The smilax3 also, otherwise known as the "anthophoros,"4 has a strong resemblance to ivy, but the leaves of it are smaller. A chaplet, they say, made of an uneven number of the leaves, is an effectual cure for head-ache. Some writers mention two kinds of smilax, one of which is all but perennial, and is found climbing the trees in umbrageous valleys, the berries hanging in clusters. These berries, they say, are remarkably efficacious for all kinds of poisons; so much so indeed, that infants to whom the juice of them has been habitually administered, are rendered proof against all poisons for the rest of their life. The other kind. it is said, manifests a predilection for cultivated localities, and is often found growing there; but as for medicinal properties, it has none. The former kind, they say, is the smilax, the wood of which we have mentioned5 as emitting a sound, if held close to the ear.

Another plant, similar to this, they call by the name of "clematis:"6 it is found adhering to trees, and has a jointed stem. The leaves of it cleanse leprous7 sores, and the seed acts as an aperient, taken in doses of one acetabulum, in one hemina of water, or in hydromel. A decoction of it is prescribed also for a similar purpose.

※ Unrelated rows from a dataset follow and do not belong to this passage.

(* Assume (H1), (H3), (H4). Let $u\in C(\mathbb{R}^n\times[0,T))$ be a Barron–Jensen solution of (1.1)–(1.2). Let $x_0\in\mathbb{R}^n$, $0<\rho<r$, and $\gamma\ge(\frac{\beta}{2}+2)C_1+K_3$. Then for every sufficiently small $\varepsilon>0$ (depending on $\rho$, $\gamma$, $T$ and $\max_{\overline{B_r(x_0)}\times[0,T)}|u|$, assumed finite), the inf-convolution $$u_\varepsilon(x,t)=\inf_{y\in\overline{B_r(x_0)}}\Big\{u(y,t)+e^{-\gamma t}\frac{|x-y|^2}{\varepsilon^2}\Big\}$$ is a viscosity subsolution of $$u_t+H(x,t,u,D_xu)=\frac{\beta C_1}{2}e^{\gamma t}\varepsilon^2\quad\text{in }B_{r-\rho}(x_0)\times(0,T).$$
   Context: $T>0$; $H:\mathbb{R}^n\times[0,T]\times\mathbb{R}\times\mathbb{R}^n\to\mathbb{R}$ continuous; $u_0$ Lipschitz. Problem (1.1)–(1.2): $u_t+H(x,t,u,D_xu)=0$ in $\mathbb{R}^n\times(0,T)$, $u(x,0)=u_0(x)$. (H1) there exist $C_1\ge0$, $\beta\in\{0,1\}$ with $|H(x,t,u,p)-H(y,t,u,p)|\le C_1(\beta+|p|)|x-y|$. (H3) there exists $K_3\ge0$ with $|H(x,t,u,p)-H(x,t,v,p)|\le K_3|u-v|$. (H4) $p\mapsto H(x,t,u,p)$ convex. Barron–Jensen solution: $u$ with $u(\cdot,0)=u_0$ such that for every $\phi\in C^1(\mathbb{R}^n\times(0,T))$, if $u-\phi$ has a local minimum at $(x,t)\in\mathbb{R}^n\times(0,T)$ then $\phi_t(x,t)+H(x,t,u(x,t),D_x\phi(x,t))=0$. Viscosity subsolution of $u_t+H=g$ in open $O$: for every $\phi\in C^1(O)$ with $u-\phi$ having a local max at $(x,t)\in O$, $\phi_t+H(x,t,u(x,t),D_x\phi(x,t))\le g(x,t)$. *)

theory Defs
  imports "HOL-Analysis.Analysis"
begin

definition C1_on :: "('a::euclidean_space \<times> real \<Rightarrow> real) \<Rightarrow> ('a \<times> real) set
    \<Rightarrow> ('a \<times> real \<Rightarrow> 'a) \<Rightarrow> ('a \<times> real \<Rightarrow> real) \<Rightarrow> bool" where
  "C1_on \<phi> S Dx Dt \<longleftrightarrow>
     (\<forall>p\<in>S. (\<phi> has_derivative (\<lambda>(h, s). Dx p \<bullet> h + Dt p * s)) (at p))
     \<and> continuous_on S Dx \<and> continuous_on S Dt"

definition local_min_at :: "('a::real_normed_vector \<times> real \<Rightarrow> real) \<Rightarrow> ('a \<times> real) set \<Rightarrow> 'a \<times> real \<Rightarrow> bool" where
  "local_min_at f S p \<longleftrightarrow> (\<exists>e>0. \<forall>q\<in>ball p e \<inter> S. f p \<le> f q)"

definition local_max_at :: "('a::real_normed_vector \<times> real \<Rightarrow> real) \<Rightarrow> ('a \<times> real) set \<Rightarrow> 'a \<times> real \<Rightarrow> bool" where
  "local_max_at f S p \<longleftrightarrow> (\<exists>e>0. \<forall>q\<in>ball p e \<inter> S. f q \<le> f p)"
(* Let $G=(V,E)$ be a Generalized Bartlett graph with $|V|=p$, and let $\sigma$ be a Generalized Bartlett ordering for $G$. Suppose $\Omega\in\mathbb{P}_{G_\sigma}$ follows a generalized $G$-Wishart distribution with parameters $U$ and $\boldsymbol\delta$, where $U$ is positive definite and $\delta_i>0$ for all $i$. Let $\Omega=LDL^T$ be the modified Cholesky decomposition and define $\widetilde D_1=D_1$, $\widetilde D_k=D_k/D_{k-1}$ for $k\ge2$. Then (i) for every independent entry $L_{ij}$ ($i>j$, $(i,j)\in E_\sigma$), the conditional distribution of $L_{ij}$ given all other entries of $L_I$ and $\widetilde D=(\widetilde D_1,\dots,\widetilde D_p)$ is univariate normal; (ii) for every $k$, the conditional distribution of $\widetilde D_k$ given $L_I$ and $\{\widetilde D_{k'}\}_{k'\neq k}$ is either a Generalized Inverse Gaussian or a Gamma distribution.
   Context: For an undirected graph $G=(V,E)$ with $|V|=p$ and an ordering $\sigma$ (a bijection $V\to\{1,\dots,p\}$), the ordered graph $G_\sigma$ has vertex set $\{1,\dots,p\}$ and edge set $E_\sigma=\{(i,j):(\sigma^{-1}(i),\sigma^{-1}(j))\in E\}$. $\mathbb{P}_{G_\sigma}$ is the set of $p\times p$ symmetric positive definite $\Omega$ with $\Omega_{ij}=0$ for $i\ne j$, $(i,j)\notin E_\sigma$. Modified Cholesky: $\Omega=LDL^T$, $L$ unit lower triangular, $D=\mathrm{diag}(D_1,\dots,D_p)$, $D_i>0$. $L_I=\{L_{ij}:i>j,(i,j)\in E_\sigma\}$; $\Omega\mapsto(L_I,D)$ is a bijection $\mathbb{P}_{G_\sigma}\to\mathbb{R}^{|L_I|}\times(0,\infty)^p$. The generalized $G$-Wishart distribution with parameters $U,\boldsymbol\delta$ has density on $\mathbb{P}_{G_\sigma}$ proportional to $\prod_i D_i^{\delta_i/2}\exp(-\tfrac12\mathrm{tr}(\Omega U))$ (Lebesgue measure on free entries of $\Omega$). Triangulation: given $\sigma$, set $E^\sigma_0=E$ and for $i=1,\dots,p-2$ let $E^\sigma_i=E^\sigma_{i-1}\cup\{\{u,v\}: u\ne v,\ \sigma(u)>i,\ \sigma(v)>i,\ \{u,\sigma^{-1}(i)\}\in E^\sigma_{i-1},\ \{v,\sigma^{-1}(i)\}\in E^\sigma_{i-1}\}$; put $D^\sigma(E)=E^\sigma_{p-2}$. $G$ is a Generalized Bartlett graph if there is an ordering $\sigma$ (a Generalized Bartlett ordering) such that there are no vertices $u,v,w$ with $\{u,v\},\{v,w\},\{u,w\}\notin E$ but $\{u,v\},\{v,w\},\{u,w\}\in D^\sigma(E)$. A Generalized Inverse Gaussian distribution on $(0,\infty)$ has density proportional to $x^{\alpha}\exp(-a x-b/x)$ with $a,b>0$. *)

theory Defs
  imports "HOL-Probability.Probability"
begin

definition simple_graph :: "'a set \<Rightarrow> 'a set set \<Rightarrow> bool" where
  "simple_graph V E \<longleftrightarrow> finite V \<and> E \<subseteq> {{u, v} | u v. u \<in> V \<and> v \<in> V \<and> u \<noteq> v}"

definition is_ordering :: "'a set \<Rightarrow> ('a \<Rightarrow> nat) \<Rightarrow> bool" where
  "is_ordering V \<sigma> \<longleftrightarrow> bij_betw \<sigma> V {1..card V}"

fun fill_edges :: "'a set \<Rightarrow> 'a set set \<Rightarrow> ('a \<Rightarrow> nat) \<Rightarrow> nat \<Rightarrow> 'a set set" where
  "fill_edges V E \<sigma> 0 = E"
| "fill_edges V E \<sigma> (Suc i) =
     fill_edges V E \<sigma> i \<union>
     {{u, v} | u v. u \<noteq> v \<and> u \<in> V \<and> v \<in> V \<and> \<sigma> u > Suc i \<and> \<sigma> v > Suc i \<and>
        {u, inv_into V \<sigma> (Suc i)} \<in> fill_edges V E \<sigma> i \<and>
        {v, inv_into V \<sigma> (Suc i)} \<in> fill_edges V E \<sigma> i}"

definition triangulation :: "'a set \<Rightarrow> 'a set set \<Rightarrow> ('a \<Rightarrow> nat) \<Rightarrow> 'a set set" where
  "triangulation V E \<sigma> = fill_edges V E \<sigma> (card V - 2)"

definition GB_ordering :: "'a set \<Rightarrow> 'a set set \<Rightarrow> ('a \<Rightarrow> nat) \<Rightarrow> bool" where
  "GB_ordering V E \<sigma> \<longleftrightarrow> is_ordering V \<sigma> \<and>
     \<not> (\<exists>u v w. {u, v} \<notin> E \<and> {v, w} \<notin> E \<and> {u, w} \<notin> E \<and>
        {u, v} \<in> triangulation V E \<sigma> \<and> {v, w} \<in> triangulation V E \<sigma> \<and>
        {u, w} \<in> triangulation V E \<sigma>)"

definition GB_graph :: "'a set \<Rightarrow> 'a set set \<Rightarrow> bool" where
  "GB_graph V E \<longleftrightarrow> (\<exists>\<sigma>. GB_ordering V E \<sigma>)"

definition ord_edge :: "'a set \<Rightarrow> 'a set set \<Rightarrow> ('a \<Rightarrow> nat) \<Rightarrow> nat \<Rightarrow> nat \<Rightarrow> bool" where
  "ord_edge V E \<sigma> i j \<longleftrightarrow> {inv_into V \<sigma> i, inv_into V \<sigma> j} \<in> E"

text \<open>Indices of the free entries of Omega in P_{G_sigma} (lower triangle incl. diagonal).
  The same index set indexes (L_I, D~): off-diagonal entries are L_I, diagonal ones D~.\<close>
definition free_idx :: "'a set \<Rightarrow> 'a set set \<Rightarrow> ('a \<Rightarrow> nat) \<Rightarrow> (nat \<times> nat) set" where
  "free_idx V E \<sigma> = {(i, j). i \<in> {1..card V} \<and> j \<in> {1..card V} \<and> j \<le> i \<and>
                            (i = j \<or> ord_edge V E \<sigma> i j)}"

definition omega_of :: "'a set \<Rightarrow> 'a set set \<Rightarrow> ('a \<Rightarrow> nat) \<Rightarrow> (nat \<times> nat \<Rightarrow> real) \<Rightarrow> nat \<Rightarrow> nat \<Rightarrow> real" where
  "omega_of V E \<sigma> x i j =
     (if (max i j, min i j) \<in> free_idx V E \<sigma> then x (max i j, min i j) else 0)"

definition sym_pd :: "nat \<Rightarrow> (nat \<Rightarrow> nat \<Rightarrow> real) \<Rightarrow> bool" where
  "sym_pd p A \<longleftrightarrow> (\<forall>i\<in>{1..p}. \<forall>j\<in>{1..p}. A i j = A j i) \<and>
     (\<forall>v::nat \<Rightarrow> real. (\<exists>i\<in>{1..p}. v i \<noteq> 0) \<longrightarrow>
        (\<Sum>i=1..p. \<Sum>j=1..p. v i * A i j * v j) > 0)"

definition is_mod_chol :: "nat \<Rightarrow> (nat \<Rightarrow> nat \<Rightarrow> real) \<Rightarrow> (nat \<Rightarrow> nat \<Rightarrow> real) \<Rightarrow> (nat \<Rightarrow> real) \<Rightarrow> bool" where
  "is_mod_chol p \<Omega> L D \<longleftrightarrow>
     (\<forall>i\<in>{1..p}. L i i = 1) \<and>
     (\<forall>i\<in>{1..p}. \<forall>j\<in>{1..p}. i < j \<longrightarrow> L i j = 0) \<and>
     (\<forall>i j. i \<notin> {1..p} \<or> j \<notin> {1..p} \<longrightarrow> L i j = 0) \<and>
     (\<forall>k\<in>{1..p}. D k > 0) \<and> (\<forall>k. k \<notin> {1..p} \<longrightarrow> D k = 0) \<and>
     (\<forall>i\<in>{1..p}. \<forall>j\<in>{1..p}. \<Omega> i j = (\<Sum>k=1..p. L i k * D k * L j k))"

definition chol_L :: "nat \<Rightarrow> (nat \<Rightarrow> nat \<Rightarrow> real) \<Rightarrow> nat \<Rightarrow> nat \<Rightarrow> real" where
  "chol_L p \<Omega> = fst (THE (L, D). is_mod_chol p \<Omega> L D)"

definition chol_D :: "nat \<Rightarrow> (nat \<Rightarrow> nat \<Rightarrow> real) \<Rightarrow> nat \<Rightarrow> real" where
  "chol_D p \<Omega> = snd (THE (L, D). is_mod_chol p \<Omega> L D)"

definition Dtilde :: "(nat \<Rightarrow> real) \<Rightarrow> nat \<Rightarrow> real" where
  "Dtilde D k = (if k = 1 then D 1 else D k / D (k - 1))"

definition free_lebesgue :: "'a set \<Rightarrow> 'a set set \<Rightarrow> ('a \<Rightarrow> nat) \<Rightarrow> (nat \<times> nat \<Rightarrow> real) measure" where
  "free_lebesgue V E \<sigma> = PiM (free_idx V E \<sigma>) (\<lambda>_. lborel)"

definition gw_unnorm :: "'a set \<Rightarrow> 'a set set \<Rightarrow> ('a \<Rightarrow> nat) \<Rightarrow> (nat \<Rightarrow> nat \<Rightarrow> real) \<Rightarrow> (nat \<Rightarrow> real)
    \<Rightarrow> (nat \<times> nat \<Rightarrow> real) \<Rightarrow> real" where
  "gw_unnorm V E \<sigma> U \<delta> x =
     (let p = card V; \<Omega> = omega_of V E \<sigma> x; D = chol_D p \<Omega> in
      if sym_pd p \<Omega> then
        (\<Prod>k=1..p. D k powr (\<delta> k / 2)) * exp (- (1/2) * (\<Sum>i=1..p. \<Sum>j=1..p. \<Omega> i j * U j i))
      else 0)"
text \<open>A second edge at v would lead back into the path and close a cycle.\<close>

lemma unextendable_path_end_is_leaf:
  assumes T: "is_tree V E" and p: "is_path E p u v" and len: "2 \<le> length p" and "u \<in> V"
    and unext: "\<And>w. {v, w} \<in> E \<Longrightarrow> w \<in> set p"
  shows "v \<in> leaves V E"
proof -
  define m where "m = length p"
  define w0 where "w0 = p ! (m - 2)"
  have last: "p ! (m - 1) = v" using is_path_hd_last_nth(2)[OF p] by (simp add: m_def)
  have w0v: "{w0, v} \<in> E"
    using is_path_nth_edge[OF p, of "m - 2"] len last
    by (simp add: m_def w0_def Suc_diff_Suc numeral_2_eq_2)
  have only_edge: "e = {w0, v}" if e: "e \<in> E" "v \<in> e" for e
  proof (rule ccontr)
    assume ne: "e \<noteq> {w0, v}"
    obtain w where w: "w \<noteq> v" "e = {v, w}" using is_tree_edge_other_end[OF T e] by blast
    then have "w \<in> set p" using unext e by blast
    then obtain j where j: "j < m" "p ! j = w" by (auto simp: in_set_conv_nth m_def)
    have "j \<noteq> m - 1" using j w last by auto
    moreover have "j \<noteq> m - 2" using j w ne by (auto simp: w0_def doubleton_eq_iff)
    ultimately have "j + 3 \<le> length p" using j len by (simp add: m_def)
    then have "is_cycle E (drop j p)" using is_cycle_drop_chord[OF p] e w j by simp
    then show False using T by (auto simp: is_tree_def)
  qed
  then have "{e \<in> E. v \<in> e} = {{w0, v}}" using w0v only_edge by blast
  moreover have "v \<in> V" using set_path_subset[OF is_tree_edge_subset[OF T] p \<open>u \<in> V\<close>] last len
    by (auto simp: m_def)
  ultimately show ?thesis by (simp add: leaves_def)
qed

1 "Red-berried" or "red-leaved ivy." See B. xvi. c. 62. This kind, Fée says, appears not to have been identified.

2 "Ground-ivy." See B. xvi. c. 62, Note 17. M. Fraäs adopts Sprengel's opinion that it is the Antirrhinum Azarina, the bastard asarum.

3 See B. xvi. c.

4 "Flower-bearer."

5 In B. xvi. c. 63.

6 Sprergel thinks that this is the Clematis viticella, but Fée identifies it with the Clematis vitalba of Linnæus, the climber, or traveller's joy.

7 The leaves of it, Fée says, are of a caustic nature, and have been employed before now by impostors for producing sores on the skin of a frightful appearance, but easily healed.